During the pilot phase it was shown that the overall homogeneous fine-grained sediments from the Mahakam prodelta are very suitable for ²¹⁰Pb accumulation rate assessment. Accumulation rates varied between 0 - 6.5 cm per year (Van den Bergh, 2004, Kneepkens, 2004). These pilot phase materials will be made available to our project by NIOZ and UU. A sedimentation rate of 0,27-0.42 cm/year was found at Muara Jawa in the southern part of the delta itself (Darlan et al., 2004). We now will extend these records to the subtidal part of the shallow delta platform, where fluvial and tidal contributions can still be spatially separated. However, here, the risk of erosional discontinuities is greater than in the deep prodelta, which may result in difficulties in interpreting ²¹⁰Pb data; therefore, we plan to do additional ¹³⁷Cs datings and possibly other radionuclides as well. We cannot sample in the intertidal area where Polymesoda lives, because there the ²¹⁰Pb signal is likely to have been destroyed by atmospheric water.
Our own pilot phase coring campaign in the onshore part of the delta revealed the presence of sand-mud couplets in Holocene shallow-water delta platform sediments, postulated to represent spring-tide-neap tide cycles (Storms et al., 2005), a phenomenon also known from the Fly River delta in Papua New Guinea (..) Also these may serve to assess the completeness of the record on the shallow delta platform. On the basis of all these data we hope to be able to get a reliable picture of the amount, nature and distribution of the fluvial and tidal sediments accumulated in the last 200 years.
The dated sediment cores from the delta platform will be sampled in great detail (cm-scale) and analysed on grain size (Compton-laser equipment), geochemistry, petrography and palynology. Fluvial and tidal sediments may be distinguished from each other in several ways. Tidal sediments are usually finer-grained than fluvial ones because of the longer pathways (Storms et al., 2005). Fluvial sediments are usually azoic because of the acid river water (pH 5), while tidal sediments may contain foraminifera, ostracods and other calcareous microfauna (Carbonel & Moyes, 1987). This might also be evident from Sr/Ba ratios in the bulk geochemistry of the sediments themselves. Differences in proportions of upland and mangrove taxa in pollen spectra may also be expected. Fluctuations in the amount of charcoal particles might give indications of varying influence of forest fires further upstream.
Integrating the data from the three sources will lead to a detailed picture of the sensitivity of the Mahakam delta system for external forcing in fluvial and tidal processes in the last 200 years. The paleogeographic reconstruction emerging from these data will be confronted with the models developed on the basis of Delft3D in the first work package.

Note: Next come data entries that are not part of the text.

(* For every integer $n\geq 1$, \[ \sum_{k,\ell,d\geq 0}\binom{n-1-d}{\ell}\binom{n-1-k}{d}\binom{n-1-\ell}{k} = \tfrac{1}{2}F_{3n}. \]
   Context: $F_n$ is the Fibonacci sequence: $F_0=0$, $F_1=1$, $F_n=F_{n-1}+F_{n-2}$ for $n\ge2$. Binomial coefficients $\binom{a}{b}$ with $b\ge0$ are taken to be $0$ when $a<b$ (in particular when $a<0$), so the sum is finite. *)

theory Defs
  imports "HOL-Number_Theory.Fib"
begin

definition binz :: "int \<Rightarrow> nat \<Rightarrow> nat" where
  "binz a b = (if a < 0 then 0 else nat a choose b)"

end

theory Submission
  imports Defs "HOL-Computational_Algebra.Polynomial"
begin

text \<open>With \<open>N = n - 1\<close> the triple sum is the trace of \<open>M^3\<close>, where \<open>M a b = (N - a choose b)\<close>
  is the matrix, in the monomial basis, of the operator \<open>p \<mapsto> (1 + x)^N p (1 / (1 + x))\<close> on
  polynomials of degree at most \<open>N\<close>. Because \<open>1 + c = c^2\<close> for \<open>c \<in> {\<phi>, \<psi>}\<close>, the
  polynomials \<open>(x + \<psi>)^i (x + \<phi>)^(N - i)\<close> are eigenvectors with eigenvalues \<open>\<psi>^i \<phi>^(N - i)\<close>,
  and they form a basis, being the image of the monomials under an invertible linear change of
  variables. The trace of \<open>M^3\<close> is therefore the geometric sum
  \<open>\<Sum>i\<le>N. (\<psi>^i \<phi>^(N - i))^3 = (\<phi>^(3n) - \<psi>^(3n)) / (\<phi>^3 - \<psi>^3) = F(3n) / F(3)\<close>.\<close>

lemma poly_eqI_off_roots:
  fixes p q r :: "'a::{idom,ring_char_0} poly"
  assumes "r \<noteq> 0" and "\<And>x. poly r x \<noteq> 0 \<Longrightarrow> poly p x = poly q x"
  shows "p = q"
proof -
  have "poly ((p - q) * r) x = 0" for x
    using assms(2)[of x] by auto
  then have "(p - q) * r = 0"
    using poly_all_0_iff_0 by blast
  with assms(1) show ?thesis by simp
qed

lemma poly_altdef_le:
  fixes p :: "'a::{comm_semiring_0,semiring_1} poly"
  assumes "degree p \<le> N"
  shows "poly p x = (\<Sum>i\<le>N. coeff p i * x ^ i)"
proof -
  have "poly p x = (\<Sum>i\<le>degree p. coeff p i * x ^ i)"
    by (rule poly_altdef)
  also have "\<dots> = (\<Sum>i\<le>N. coeff p i * x ^ i)"
    by (rule sum.mono_neutral_left) (use assms in \<open>auto simp: coeff_eq_0\<close>)
  finally show ?thesis .
qed

lemma poly_degree_le_1:
  fixes p :: "'a::{comm_semiring_0,semiring_1} poly"
  assumes "degree p \<le> 1"
  shows "poly p x = coeff p 0 + coeff p 1 * x"
  using poly_altdef_le[OF assms, of x] by simp
lemma transitive_fun_inv:
  assumes "transitive_fun G L w" "trans L" "(x, y) \<in> L" "(y, x) \<in> L"
  shows "inv (w x y) = w y x"
proof (rule inv_equality)
  have "(y, y) \<in> L" using assms(2-4) by (meson transD)
  then show "w y x \<otimes> w x y = \<one>"
    using assms by (simp add: transitive_fun_mult transitive_fun_refl_one)
qed (simp_all add: transitive_fun_closed[OF assms(1)] assms(3,4))

text \<open>If \<open>h\<close> trivialises \<open>u\<close> composed with \<open>s\<close>, then \<open>x \<mapsto> u x (s x) \<otimes> h x\<close>
  trivialises \<open>u\<close>.\<close>
lemma trivial_fun_if_trivial_on_representatives:
  assumes u: "transitive_fun G R u" and R: "preorder_on A R"
    and s: "\<And>x. x \<in> A \<Longrightarrow> (x, s x) \<in> R \<and> (s x, x) \<in> R"
    and triv: "trivial_fun G A R (\<lambda>x y. u (s x) (s y))"
  shows "trivial_fun G A R u"
proof -
  have RA: "R \<subseteq> A \<times> A" and tR: "trans R" using R by (auto simp: preorder_on_def)
  obtain h where h: "\<forall>x\<in>A. h x \<in> carrier G"
    and uh: "\<And>x y. (x, y) \<in> R \<Longrightarrow> u (s x) (s y) = h x \<otimes> inv (h y)"
    using triv unfolding trivial_fun_def by blast
  define g where "g x = u x (s x) \<otimes> h x" for x
  have uc: "u x y \<in> carrier G" if "(x, y) \<in> R" for x y
    using u that by (rule transitive_fun_closed)
  show ?thesis
    unfolding trivial_fun_def
  proof (intro exI conjI ballI allI impI)
    show "g x \<in> carrier G" if "x \<in> A" for x
      using that s h uc by (simp add: g_def)
  next
    fix x y assume xy: "(x, y) \<in> R"
    then have x: "x \<in> A" and y: "y \<in> A" using RA by auto
    have xs: "(x, s x) \<in> R" "(s x, x) \<in> R" and ys: "(y, s y) \<in> R" "(s y, y) \<in> R"
      using s x y by auto
    have ss: "(s x, s y) \<in> R" using xs(2) xy ys(1) tR by (meson transD)
    have xsy: "(x, s y) \<in> R" using xs(1) ss tR by (meson transD)
    have "u x y = u x (s x) \<otimes> u (s x) (s y) \<otimes> u (s y) y"
      using transitive_fun_mult[OF u xs(1) ss] transitive_fun_mult[OF u xsy ys(2)] by simp
    also have "\<dots> = u x (s x) \<otimes> (h x \<otimes> inv (h y)) \<otimes> inv (u y (s y))"
      using uh[OF xy] transitive_fun_inv[OF u tR ys] by simp
    also have "\<dots> = g x \<otimes> inv (g y)"
      using h x y uc xs ys by (simp add: g_def inv_mult_group m_assoc)
    finally show "u x y = g x \<otimes> inv (g y)" .
  qed
qed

This will lead to a better prediction of the impact of future changes.

c. Workplan
The research will be carried out by two Indonesian researchers, one full-time PhD student (4 years) with a sedimentology specialisation, and a research assistant (2 years) who will be in charge of the mollusc work. Additional field assistance from Indonesian and/or Dutch MSc students is desirable, funding will be sought from StuNed.

(1) Mollusc biogeochemistry:
In the field

• Establish two monitor stations, each consisting of a cage equipped with a thermometer/salinometer for continuous temperature/salinity registration. In each cage five specimens of Polymesoda will be placed. Water samples for stable oxygen and carbon isotopic measurements, trace element concentration and nutrients will be taken bi-weekly. The specimens of Polymesoda will be marked (fluorescence) to indicate the start of the experiment. This will be repeated every six months to allow accurate correlation with the water dataset. Furthermore additional Polymesoda specimens will be sampled from their original habitat in the field.

In the laboratory

• microdrill, Finnigan 252 mass-spectrometer, ICP-AES and ICP-MS will be used to analyse the shell chemistry and the chemical composition of the water samples. These will provide information on:

• Precipitation/evaporation patterns (delta¹⁸O and trace-elements of fresh/brackishwater molluscs)

• Nutrient supply (delta¹³C, Ba/Ca and Cd/Ca)

• Heavy metal pollution (²⁰⁷Pb/²⁰⁶Pb)

(2) Sediment characteristics:
Field: In coordination with the other project of the programme, a sampling cruise with the MGI reseqarch vessel GeoMarin will be set up. Sampling sites will be selected on the basis of previous work by the ICoMAR partners, Roberts & Sydow (2003) and Storms et al (2005). Bottom samples using gravity coring will be taken until a maximum depth of 3 metres. The sediments will be sealed, cut lengthwise and stored in a refrigerator on board of the Geomarin at 6°C. Pictures will be taken of the split cores, and they will be described macroscopically, focusing on grainsize, colour and organism and plant remains. One half of the split cores will remain in Cirebon at the MGI facilities, the other half will be transported to the Netherlands for further analysis.

Laboratory
Bulk grain size will be determined at the Free University using Compton analysis on samples on cm-scale, separating as much as possible the laminae in sand-mud couplets (cf. Storms et al., 2005). CaCO3 and TOC content will be determined using standard methodologies.
Analyses of the specific ²¹⁰Pb activity will be carried out at NIOZ. The samples will be freeze-dried and grinded, spiked with ²¹⁰Po and leached with 55 ml HNO3 (1.5M) for 7 h. After leaching, 4 ml NH4OH and 5 ml of 40g/litre ascorbic acid (in 0.5M HCl) will be added. The activity of ²¹⁰Pb will be measured via its á-particle emitting granddaughter isotope ²¹⁰Po with a Passivated Implanted Planar Silicon (PIPS) detector of Canberra (Boer, in prep.). It will be attempted to carry out the analyses on samples with homogeneous grain sizes, as grainsize variation within a sample can disturb the results of the ²¹⁰Pb-analysis. Pollen analysis will be carried out by Sander van der Kaars at the School of Geography and Environmental Science, Monash University, Australia. Major and minor element XRF bulk sediment geochemical analyses and petrographical analyses will be carried out on cores with good ²¹⁰Pb dates using the facilities at the Free University of Amsterdam.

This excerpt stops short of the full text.